After start training:

 File "C:\project\maskRCNN\model.py", line 349, in compile
    self.keras_model.add_loss(loss)
  File "C:\python36\lib\site-packages\tensorflow_core\python\keras\engine\base_layer.py", line 1081, in add_loss
    self._graph_network_add_loss(symbolic_loss)
  File "C:\python36\lib\site-packages\tensorflow_core\python\keras\engine\network.py", line 1484, in _graph_network_add_loss
    self._insert_layers(new_layers, new_nodes)
  File "C:\python36\lib\site-packages\tensorflow_core\python\keras\engine\network.py", line 1439, in _insert_layers
    layer_set = set(self._layers)
  File "C:\python36\lib\site-packages\tensorflow_core\python\training\tracking\data_structures.py", line 598, in __hash__
    raise TypeError("unhashable type: 'ListWrapper'")
TypeError: unhashable type: 'ListWrapper'

kiflowb777 avatar Dec 02 '19 11:12 kiflowb777

Related topics: https://github.com/tensorflow/tensorflow/issues/34962 https://github.com/tensorflow/tensorflow/issues/33471 https://github.com/tensorflow/tensorflow/issues/32127

kiflowb777 avatar Dec 09 '19 14:12 kiflowb777

Any estimates on this issue?

dankor avatar Dec 11 '19 09:12 dankor

How are you running this with TF 2.0? Are there updates or documentation on conversion? Am I missing something??

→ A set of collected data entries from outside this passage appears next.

(* Let $\nu>0$, $0<K<\nu^2/2$, and let $(\Phi_m)$ satisfy the standing assumptions in the context. Let $W\in\mathcal{C}_K$. Then $\mathcal{P}(\mathcal{T}(W))\ge\mathcal{P}(W)$, and equality holds if and only if $W=\mathcal{T}(W)$. Moreover, if $W=\mathcal{T}(W)$, then $W$ satisfies $$c^2W=\sum_{m=1}^\infty A_m\big(-\Phi_m'(\nu m-A_mW)\big)+\eta$$ with $c=\mu(W)^{-1/2}$ and $\eta=\sum_{m=1}^\infty m\,\Phi_m'(\nu m)$ (a convergent series).
   Context: $A_m f(\xi):=\int_{-m/2}^{m/2} f(\xi+s)\,ds$. $\Psi_m(r):=\Phi_m(\nu m-r)-\Phi_m(\nu m)+\Phi_m'(\nu m)r$ for $r\in[0,\nu m)$. $\mathcal{P}(W):=\int_{\mathbb{R}}\sum_{m\ge1}\Psi_m(A_mW(s))\,ds$, $\partial\mathcal{P}(W):=\sum_{m\ge1}A_m\Psi_m'(A_mW)$, $\mu(W):=\|W\|_2/\|\partial\mathcal{P}(W)\|_2$, $\mathcal{T}(W):=\mu(W)\,\partial\mathcal{P}(W)$. $\mathcal{C}$ is the $\mathsf{L}^2(\mathbb{R})$-closure of $\{W\in C_c^\infty(\mathbb{R}): W(x)=W(-x)\ge0,\ \dot W(x)=-\dot W(-x)\le0\ \forall x\ge0\}$; $\mathcal{C}_K:=\{W\in\mathcal{C}:\frac12\|W\|_2^2=K\}$. Standing assumptions: for every $m$, $\Phi_m:[0,\infty)\to[0,\infty)$, $\Phi_m\in C^4([0,\infty))$, $\Phi_m\ge0,\Phi_m'\le0,\Phi_m''\ge0,\Phi_m'''\le0,\Phi_m^{(4)}\ge0$ (strict for $m=1$, $s>0$); and for a fixed $\gamma\in(5/2,3)$ the series $\sum_m\Phi_m'(\nu m-\sqrt{2Km})m$, $\sum_m\Phi_m''(\nu m-\sqrt{2Km})m^2$, $\sum_m\Phi_m''(\nu m)m^\gamma$, $\sum_m\Phi_m'''(\nu m-\sqrt{2Km})m^{3/2}$ are finite. *)

theory Defs
  imports "HOL-Analysis.Analysis"
begin

definition Aop :: "nat \<Rightarrow> (real \<Rightarrow> real) \<Rightarrow> real \<Rightarrow> real" where
  "Aop m f \<xi> = (LBINT s:{\<xi> - real m / 2 .. \<xi> + real m / 2}. f s)"

text \<open>Psi_m(r) = Phi_m(nu m - r) - Phi_m(nu m) + Phi_m'(nu m) r; Phi1 is the derivative of Phi.\<close>
definition Psi :: "(nat \<Rightarrow> real \<Rightarrow> real) \<Rightarrow> (nat \<Rightarrow> real \<Rightarrow> real) \<Rightarrow> real \<Rightarrow> nat \<Rightarrow> real \<Rightarrow> real" where
  "Psi \<Phi> \<Phi>1 \<nu> m r = \<Phi> m (\<nu> * real m - r) - \<Phi> m (\<nu> * real m) + \<Phi>1 m (\<nu> * real m) * r"

definition Psi' :: "(nat \<Rightarrow> real \<Rightarrow> real) \<Rightarrow> real \<Rightarrow> nat \<Rightarrow> real \<Rightarrow> real" where
  "Psi' \<Phi>1 \<nu> m r = - \<Phi>1 m (\<nu> * real m - r) + \<Phi>1 m (\<nu> * real m)"

definition Pfun :: "(nat \<Rightarrow> real \<Rightarrow> real) \<Rightarrow> (nat \<Rightarrow> real \<Rightarrow> real) \<Rightarrow> real \<Rightarrow> (real \<Rightarrow> real) \<Rightarrow> real" where
  "Pfun \<Phi> \<Phi>1 \<nu> W = (LINT s|lborel. (\<Sum>m. Psi \<Phi> \<Phi>1 \<nu> (Suc m) (Aop (Suc m) W s)))"

definition dP :: "(nat \<Rightarrow> real \<Rightarrow> real) \<Rightarrow> real \<Rightarrow> (real \<Rightarrow> real) \<Rightarrow> real \<Rightarrow> real" where
  "dP \<Phi>1 \<nu> W = (\<lambda>\<xi>. \<Sum>m. Aop (Suc m) (\<lambda>s. Psi' \<Phi>1 \<nu> (Suc m) (Aop (Suc m) W s)) \<xi>)"

definition L2norm :: "(real \<Rightarrow> real) \<Rightarrow> real" where
  "L2norm f = sqrt (LINT x|lborel. (f x)\<^sup>2)"

definition muW :: "(nat \<Rightarrow> real \<Rightarrow> real) \<Rightarrow> real \<Rightarrow> (real \<Rightarrow> real) \<Rightarrow> real" where
  "muW \<Phi>1 \<nu> W = L2norm W / L2norm (dP \<Phi>1 \<nu> W)"

definition Top :: "(nat \<Rightarrow> real \<Rightarrow> real) \<Rightarrow> real \<Rightarrow> (real \<Rightarrow> real) \<Rightarrow> real \<Rightarrow> real" where
  "Top \<Phi>1 \<nu> W = (\<lambda>\<xi>. muW \<Phi>1 \<nu> W * dP \<Phi>1 \<nu> W \<xi>)"

text \<open>Generating set of C: smooth, compactly supported, even, nonnegative, nonincreasing on [0,oo).
  C^infinity is written out: a sequence of successive derivatives D with D 0 = W.\<close>
definition C0 :: "(real \<Rightarrow> real) set" where
  "C0 = {W. (\<exists>D :: nat \<Rightarrow> real \<Rightarrow> real. D 0 = W \<and>
              (\<forall>k x. (D k has_real_derivative D (Suc k) x) (at x)) \<and>
              (\<exists>R. \<forall>x. \<bar>x\<bar> > R \<longrightarrow> W x = 0) \<and>
              (\<forall>x\<ge>0. W x = W (-x) \<and> W x \<ge> 0 \<and> D 1 x = - D 1 (-x) \<and> D 1 x \<le> 0))}"

definition square_integrable :: "(real \<Rightarrow> real) \<Rightarrow> bool" where
  "square_integrable f \<longleftrightarrow> f \<in> borel_measurable lborel \<and> integrable lborel (\<lambda>x. (f x)\<^sup>2)"

text \<open>C = L^2 closure of C0 (as a set of functions, i.e. all representatives).\<close>
definition Ccl :: "(real \<Rightarrow> real) set" where
  "Ccl = {W. square_integrable W \<and>
            (\<exists>f :: nat \<Rightarrow> real \<Rightarrow> real. (\<forall>n. f n \<in> C0) \<and>
               (\<lambda>n. LINT x|lborel. (f n x - W x)\<^sup>2) \<longlonglongrightarrow> 0)}"

definition CK :: "real \<Rightarrow> (real \<Rightarrow> real) set" where
  "CK K = {W \<in> Ccl. (1/2) * (L2norm W)\<^sup>2 = K}"

end

theory Submission
  imports Defs
begin

(* Each Psi_m is convex on [-sqrt (2 K m), sqrt (2 K m)]: this interval contains every value of
   A_m W for |W|_2^2 = 2 K (Cauchy-Schwarz on a window of length m), and K < nu^2/2 keeps
   nu m - r positive there.  Since A_m is symmetric, dP is the L^2-gradient of P, so P lies above
   its tangents on the sphere: P(V) - P(W) >= <dP(W), V - W>.  For V = T(W) = mu dP(W), which lies
   on the same sphere, <dP(W), T(W)> = |W| |dP(W)| >= <dP(W), W> by Cauchy-Schwarz, with equality
   only if W is a positive multiple of dP(W), i.e. W = T(W).  Here dP(W) /= 0 because Psi_1 is
   strictly convex and A_1 is injective on nonnegative functions.  The Euler-Lagrange equation is
   W = mu dP(W) with Psi_m'(r) = - Phi_m'(nu m - r) + Phi_m'(nu m), the constant being multiplied
   by m under A_m. *)

lemma has_real_derivative_at_if_within_atLeast:
  assumes "(f has_real_derivative f') (at x within {0..})" and "0 < x"
  shows "(f has_real_derivative f') (at x)"
  using assms by (simp add: at_within_interior[of x "{0..}"])

lemma MVT_min_max:
  fixes F F' :: "real \<Rightarrow> real"
  assumes "\<And>x. min a b \<le> x \<Longrightarrow> x \<le> max a b \<Longrightarrow> (F has_real_derivative F' x) (at x)"
  shows "\<exists>z. min a b \<le> z \<and> z \<le> max a b \<and> F b - F a = (b - a) * F' z"
proof (cases a b rule: linorder_cases)
  case less
  with MVT2[of a b F F'] assms obtain z where "a < z" "z < b" "F b - F a = (b - a) * F' z"
    by force
  with less show ?thesis by (intro exI[of _ z]) auto
next
  case equal
  then show ?thesis by auto
next
  case greater
  with MVT2[of b a F F'] assms obtain z where "b < z" "z < a" "F a - F b = (a - b) * F' z"
    by force
  then show ?thesis by (intro exI[of _ z]) (auto simp: algebra_simps)
qed

lemma borel_measurable_continuous_on_comp:
  fixes F :: "real \<Rightarrow> real"
  assumes "S \<in> sets borel" "continuous_on S F" "h \<in> borel_measurable M" "\<And>x. h x \<in> S"
  shows "(\<lambda>x. F (h x)) \<in> borel_measurable M"
proof -
  have "(\<lambda>y. indicator S y *\<^sub>R F y) \<in> borel_measurable borel"
    using assms(1,2) by (rule borel_measurable_continuous_on_indicator)
  from measurable_compose[OF assms(3) this] show ?thesis
    using assms(4) by simp
qed

lemma nonneg_quadratic_imp_discriminant_le:
  fixes A B C :: real
  assumes "0 \<le> A" and "\<And>t. 0 \<le> t\<^sup>2 * A - 2 * t * B + C"
  shows "B\<^sup>2 \<le> A * C"
proof (cases "A = 0")
  case True
  show ?thesis
  proof (rule ccontr)
    assume "\<not> ?thesis"
    then have "B \<noteq> 0" using True by simp
    have "0 \<le> ((C + 1) / (2 * B))\<^sup>2 * A - 2 * ((C + 1) / (2 * B)) * B + C" by (rule assms)
    also have "\<dots> = -1" using True \<open>B \<noteq> 0\<close> by (simp add: field_simps)
    finally show False by simp
  qed
next
  case False
  then have "0 < A" using assms(1) by simp
  have "0 \<le> (B / A)\<^sup>2 * A - 2 * (B / A) * B + C" by (rule assms)
  also have "\<dots> = (A * C - B\<^sup>2) / A" using \<open>0 < A\<close> by (simp add: field_simps power2_eq_square)
  finally show ?thesis using \<open>0 < A\<close> by (simp add: zero_le_divide_iff)
qed

lemma
  fixes f g :: "'a \<Rightarrow> real"
  assumes [measurable]: "f \<in> borel_measurable M" "g \<in> borel_measurable M"
    and f2: "integrable M (\<lambda>x. (f x)\<^sup>2)" and g2: "integrable M (\<lambda>x. (g x)\<^sup>2)"
  shows integrable_mult_if_square_integrable: "integrable M (\<lambda>x. f x * g x)"
    and Cauchy_Schwarz_integral: "(\<integral>x. f x * g x \<partial>M)\<^sup>2 \<le> (\<integral>x. (f x)\<^sup>2 \<partial>M) * (\<integral>x. (g x)\<^sup>2 \<partial>M)"
proof -
  show fg: "integrable M (\<lambda>x. f x * g x)"
  proof (rule Bochner_Integration.integrable_bound[OF Bochner_Integration.integrable_add[OF f2 g2]])
    show "AE x in M. norm (f x * g x) \<le> norm ((f x)\<^sup>2 + (g x)\<^sup>2)"
    proof (rule AE_I2)
      fix x
      have "0 \<le> (\<bar>f x\<bar> - \<bar>g x\<bar>)\<^sup>2" by simp
      then have "2 * (\<bar>f x\<bar> * \<bar>g x\<bar>) \<le> (f x)\<^sup>2 + (g x)\<^sup>2"
        by (simp add: power2_eq_square algebra_simps)
      then have "\<bar>f x\<bar> * \<bar>g x\<bar> \<le> (f x)\<^sup>2 + (g x)\<^sup>2"
        using mult_nonneg_nonneg[OF abs_ge_zero abs_ge_zero, of "f x" "g x"] by linarith
      then show "norm (f x * g x) \<le> norm ((f x)\<^sup>2 + (g x)\<^sup>2)"
        by (simp add: abs_mult)
    qed
  qed simp
  have "0 \<le> t\<^sup>2 * (\<integral>x. (f x)\<^sup>2 \<partial>M) - 2 * t * (\<integral>x. f x * g x \<partial>M) + (\<integral>x. (g x)\<^sup>2 \<partial>M)" for t
  proof -
    have "(\<lambda>x. (t * f x - g x)\<^sup>2) = (\<lambda>x. t\<^sup>2 * (f x)\<^sup>2 - 2 * t * (f x * g x) + (g x)\<^sup>2)"
      by (auto simp: power2_eq_square algebra_simps)
    then have "(\<integral>x. (t * f x - g x)\<^sup>2 \<partial>M)
        = t\<^sup>2 * (\<integral>x. (f x)\<^sup>2 \<partial>M) - 2 * t * (\<integral>x. f x * g x \<partial>M) + (\<integral>x. (g x)\<^sup>2 \<partial>M)"
      using f2 g2 fg by simp
    moreover have "0 \<le> (\<integral>x. (t * f x - g x)\<^sup>2 \<partial>M)" by simp
    ultimately show ?thesis by simp
  qed
  then show "(\<integral>x. f x * g x \<partial>M)\<^sup>2 \<le> (\<integral>x. (f x)\<^sup>2 \<partial>M) * (\<integral>x. (g x)\<^sup>2 \<partial>M)"
    by (intro nonneg_quadratic_imp_discriminant_le) auto
qed
text \<open>Sum \<open>alg_expect_reject_capped_lr_ge\<close> over \<open>G\<close> and apply \<open>u v \<le> K u + v^2 / (4 K)\<close> with \<open>u\<close>
  the rejection indicator, whose expectation under \<open>x\<close> is the error on \<open>x\<close>, and \<open>v\<close> the sum of the
  capped likelihood ratios.\<close>

lemma change_of_measure_bound:
  fixes \<delta> \<rho> :: real
  assumes p: "0 < p" "p < 1/2" and "0 < m" "1 < \<alpha>" "0 < K"
    and G: "finite G" "\<And>i. i \<in> G \<Longrightarrow> x i"
    and accept: "TH n k x" and reject: "\<And>i. i \<in> G \<Longrightarrow> \<not> TH n k (x(i:=False))"
    and err: "err_prob p n k A T x \<le> \<delta>" "\<And>i. i \<in> G \<Longrightarrow> err_prob p n k A T (x(i:=False)) \<le> \<delta>"
    and queries: "\<And>i. i \<in> G \<Longrightarrow> alg_expect p A (x(i:=False)) T (\<lambda>s. queries_to i (fst s)) \<le> m"
  defines "\<rho> \<equiv> 1 - 1/\<alpha> - 4*p*(1-p) / ((1-2*p)^2 * \<alpha>^2 * (\<alpha>-1)^2 * m)"
    and "t \<equiv> (1-2*p) * \<alpha>^2 * m"
  shows "card G * (\<rho> - \<delta>) \<le> K * \<delta> + (card G * exp (ln ((1-p)/p) * t) + (card G)^2) / (4*K)"
proof -
  have p01: "0 \<le> p" "p \<le> 1" using p by auto
  define miss where "miss (s::strategy) hs = (if snd s hs then 0 else 1 :: real)" for s hs
  define Y where "Y (s::strategy) hs = (\<Sum>i\<in>G. capped_lr p t i s hs)" for s hs
  have bounded: "hist_bounded T miss" "hist_bounded T Y" "hist_bounded T (\<lambda>s hs. (Y s hs)^2)"
    unfolding miss_def[abs_def] Y_def[abs_def] power2_eq_square
    by (intro hist_bounded_if hist_bounded_mult hist_bounded_sum G(1) hist_bounded_capped_lr)+
  have amgm: "miss s hs * Y s hs \<le> K * miss s hs + (1/(4*K)) * (Y s hs)^2" for s hs
  proof -
    have "0 \<le> (Y s hs - 2*K)^2 / (4*K)" using \<open>0 < K\<close> by simp
    then have "Y s hs \<le> K + (1/(4*K)) * (Y s hs)^2"
      using \<open>0 < K\<close> by (simp add: power2_eq_square field_simps)
    then show ?thesis using \<open>0 < K\<close> by (simp add: miss_def)
  qed
  have "card G * (\<rho> - \<delta>) \<le> (\<Sum>i\<in>G. alg_expect p A x T (\<lambda>s hs. miss s hs * capped_lr p t i s hs))"
    using sum_mono[of G "\<lambda>_. \<rho> - \<delta>"] alg_expect_reject_capped_lr_ge[OF p \<open>0 < m\<close> \<open>1 < \<alpha>\<close> G(2) reject err(2) queries]
    unfolding \<rho>_def t_def miss_def[abs_def] by fastforce
  also have "\<dots> = alg_expect p A x T (\<lambda>s hs. miss s hs * Y s hs)"
    unfolding Y_def sum_distrib_left
    by (intro alg_expect_sum[symmetric] p01 G(1) hist_bounded_mult bounded(1) hist_bounded_capped_lr)
  also have "\<dots> \<le> alg_expect p A x T (\<lambda>s hs. K * miss s hs + (1/(4*K)) * (Y s hs)^2)"
    by (intro alg_expect_mono p01 amgm hist_bounded_intros bounded)
  also have "\<dots> = K * alg_expect p A x T miss + (1/(4*K)) * alg_expect p A x T (\<lambda>s hs. (Y s hs)^2)"
    by (simp only: alg_expect_add[OF p01 hist_bounded_mult hist_bounded_mult] hist_bounded_const
        bounded alg_expect_cmult)
  also have "\<dots> \<le> K * \<delta> + (1/(4*K)) * (card G * exp (ln ((1-p)/p) * t) + (card G)^2)"
  proof (intro add_mono mult_left_mono)
    show "alg_expect p A x T miss \<le> \<delta>"
      using err(1) accept err_prob_alg_expect[OF p01] by (simp add: miss_def[abs_def])
    show "alg_expect p A x T (\<lambda>s hs. (Y s hs)^2) \<le> card G * exp (ln ((1-p)/p) * t) + (card G)^2"
      unfolding Y_def using p G by (intro alg_expect_sum_capped_lr_square_le) auto
  qed (use \<open>0 < K\<close> in auto)
  finally show ?thesis by simp
qed

section \<open>The lower bound for a fixed input length\<close>

definition input_of_set :: "nat set \<Rightarrow> nat \<Rightarrow> bool" where
  "input_of_set S = (\<lambda>i. i \<in> S)"

lemma input_of_set_remove: "(input_of_set S)(i:=False) = input_of_set (S - {i})"
  by (rule ext) (auto simp: input_of_set_def)

lemma input_of_set_inputs: "S \<subseteq> {..<n} \<Longrightarrow> input_of_set S \<in> inputs n"
  by (auto simp: inputs_def input_of_set_def)

lemma TH_input_of_set: "S \<subseteq> {..<n} \<Longrightarrow> TH n k (input_of_set S) = (k \<le> card S)"
proof -
  assume "S \<subseteq> {..<n}"
  then have "{i. i < n \<and> input_of_set S i} = S" by (auto simp: input_of_set_def)
  then show ?thesis by (simp add: TH_def)
qed

lemma err_prob_le_worst_err:
  assumes "x \<in> inputs n"
  shows "err_prob p n k A T x \<le> worst_err p n k A T"
  unfolding worst_err_def
proof (rule cSUP_upper[OF assms])
  show "bdd_above ((err_prob p n k A T) ` inputs n)"
    by (rule bdd_aboveI[where M=1]) (auto simp: err_prob_def)
qed

definition subsets_card :: "nat \<Rightarrow> nat \<Rightarrow> nat set set" where
  "subsets_card n j = {S. S \<subseteq> {..<n} \<and> card S = j}"

lemma finite_subsets_card [simp]: "finite (subsets_card n j)"
  by (rule finite_subset[of _ "Pow {..<n}"]) (auto simp: subsets_card_def)

lemma card_Sigma_subsets_card: "card (Sigma (subsets_card n k) (\<lambda>S. S)) = card (subsets_card n k) * k"
  by (subst card_SigmaI) (auto simp: subsets_card_def intro: finite_subset)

Sorry for such an open question...

taylormcclenny avatar Dec 11 '19 20:12 taylormcclenny

@taylormcclenny Yes I try run my maskRCNN code with tf.keras on TF 1.14, 1,15, 2.0 and 2.1rc0 Here more info about this issue: https://github.com/tensorflow/tensorflow/issues/34962

The "ListWrapper" bug appear after fixing output layer shape: https://github.com/tensorflow/tensorflow/issues/33785

kiflowb777 avatar Dec 12 '19 10:12 kiflowb777

@kiflowb777 & @dankor - My understanding is that Mask-RCNN won't run on TF 2.0. See the comments on this article, since TF 2.0's release.

I've been attempting to convert this model to run on TF 2.0 but I just get endless errors. Again, I apologize for a question that is so much more broad than your original post, but I can't find the info elsewhere - Is there somewhere else I can look for finding an updated Mask-RCNN that works (kind of) on TF 2.0?

taylormcclenny avatar Dec 12 '19 14:12 taylormcclenny

It seems to require also heavy-lifting rework rather than one-convert-script-run renaming methods. Currently, as I see, @tomgross is working on the migration since he has marked this bug here.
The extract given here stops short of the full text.